==== Provided records ====
(* For no choice of a natural number $k$ and nonnegative numbers $p_1,\dots,p_k$ with $p_1+\dots+p_k=1$ does the algorithm MinIndex$(k,p_1,\dots,p_k)$ achieve a guarantee larger than $5/9$ on forests of maximum degree three in the adversarial edge arrival model. That is, for every such parameters and every $\gamma>5/9$ there exists a forest of maximum degree at most three with an edge arrival order and a timepoint $t$ such that $\mathbb{E}[|M|]<\gamma\,\nu(G_t)$, where $M$ is the matching returned by MinIndex at time $t$.
   Context: MinIndex$(k,p_1,\dots,p_k)$: it maintains $k$ matchings $M_1,\dots,M_k$, initially empty. When an edge $e$ arrives: if $M_i\cup\{e\}$ is not a matching for every $i$, $e$ is rejected; otherwise $e$ is added to $M_i$ for the minimal index $i$ such that $M_i\cup\{e\}$ is a matching. At any time, the algorithm's output is the random matching $M$ equal to $M_i$ with probability $p_i$. The guarantee is $\gamma$ if at every timepoint $\mathbb{E}[|M|]\ge\gamma\,\nu(G_t)$, with $\nu(G_t)$ the maximum matching cardinality of the graph of arrived edges $G_t$. *)

theory Defs
  imports Complex_Main
begin

type_synonym 'v edge = "'v set"

text \<open>Simple undirected graphs are given by a finite set of edges, each edge a 2-element vertex set.\<close>

definition is_edge :: "'v edge \<Rightarrow> bool" where
  "is_edge e \<longleftrightarrow> card e = 2"
(* For every Markov chain with positive equilibrium $P^*$ and every probability distribution $P^0$, the velocity vector $\frac{dP}{dt}\big|_{P=P^0}$ given by its Kolmogorov equation is a linear combination with non-negative coefficients of the vectors $\frac{dP}{dt}\big|_{P=P^0}$ of the two-state reversible chains $A_i\rightleftharpoons A_j$ ($i\ne j$) with equilibrium $P^*$, i.e. of the vectors $\bigl(\frac{p^0_j}{p^*_j}-\frac{p^0_i}{p^*_i}\bigr)\gamma^{ji}$, $1\le j<i\le n$. (The coefficients may depend on $P^0$.) Consequently, for every $P^0$ the set of all vectors $\frac{dP}{dt}\big|_{P=P^0}$ over all Markov chains with equilibrium $P^*$ equals the set of such vectors over all chains with detailed balance and equilibrium $P^*$, namely the cone $\mathbf{Q}(P^0,P^* )$.
   Context: Fix $n\ge 2$ and $P^*=(p^*_i)$ with $p^*_i>0$, $\sum_i p^*_i=1$. A Markov chain is given by rate constants $q_{ij}\ge 0$ ($i\ne j$) with Kolmogorov equation $\frac{dp_i}{dt}=\sum_{j\ne i}(q_{ij}p_j-q_{ji}p_i)$; it has equilibrium $P^*$ if $\sum_{j\ne i}q_{ij}p^*_j=\bigl(\sum_{j\ne i}q_{ji}\bigr)p^*_i$ for all $i$. The two-state chain $A_i\rightleftharpoons A_j$ with equilibrium $P^*$ has only nonzero rates $q_{ji}=1/p^*_i$, $q_{ij}=1/p^*_j$. It has detailed balance if $q_{ij}p^*_j=q_{ji}p^*_i$ for all $i\ne j$. For $i\neq j$, $\gamma^{ji}$ is the vector with $\gamma^{ji}_j=-1$, $\gamma^{ji}_i=1$, other coordinates $0$; ${\rm cone}$ denotes non-negative linear combinations; ${\rm sign}$ is the three-valued sign function; $\mathbf{Q}(P,P^* )={\rm cone}\{\gamma^{ji}\,{\rm sign}(\tfrac{p_j}{p^*_j}-\tfrac{p_i}{p^*_i}) : 1\le j<i\le n\}$. *)

theory Defs
  imports Main "HOL.Real"
begin

text \<open>States are indexed by 0,...,n-1 (the paper's A_1,...,A_n). Vectors are
  functions nat => real; only the coordinates k < n are meaningful, and all
  vectors produced below are 0 outside {..<n}.\<close>

definition markov_rates :: "nat \<Rightarrow> (nat \<Rightarrow> nat \<Rightarrow> real) \<Rightarrow> bool" where
  "markov_rates n q \<longleftrightarrow> (\<forall>i<n. \<forall>j<n. i \<noteq> j \<longrightarrow> q i j \<ge> 0)"

definition kolm_rhs :: "nat \<Rightarrow> (nat \<Rightarrow> nat \<Rightarrow> real) \<Rightarrow> (nat \<Rightarrow> real) \<Rightarrow> (nat \<Rightarrow> real)" where
  "kolm_rhs n q p = (\<lambda>i. if i < n then (\<Sum>j\<in>{..<n} - {i}. q i j * p j - q j i * p i) else 0)"

definition has_equilibrium :: "nat \<Rightarrow> (nat \<Rightarrow> nat \<Rightarrow> real) \<Rightarrow> (nat \<Rightarrow> real) \<Rightarrow> bool" where
  "has_equilibrium n q ps \<longleftrightarrow>
     (\<forall>i<n. (\<Sum>j\<in>{..<n} - {i}. q i j * ps j) = (\<Sum>j\<in>{..<n} - {i}. q j i) * ps i)"

definition detailed_balance :: "nat \<Rightarrow> (nat \<Rightarrow> nat \<Rightarrow> real) \<Rightarrow> (nat \<Rightarrow> real) \<Rightarrow> bool" where
  "detailed_balance n q ps \<longleftrightarrow> (\<forall>i<n. \<forall>j<n. i \<noteq> j \<longrightarrow> q i j * ps j = q j i * ps i)"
====
_What you need to do_
Give the number of lines in the data that contain "noteq", with no other words.

_Task solution_
2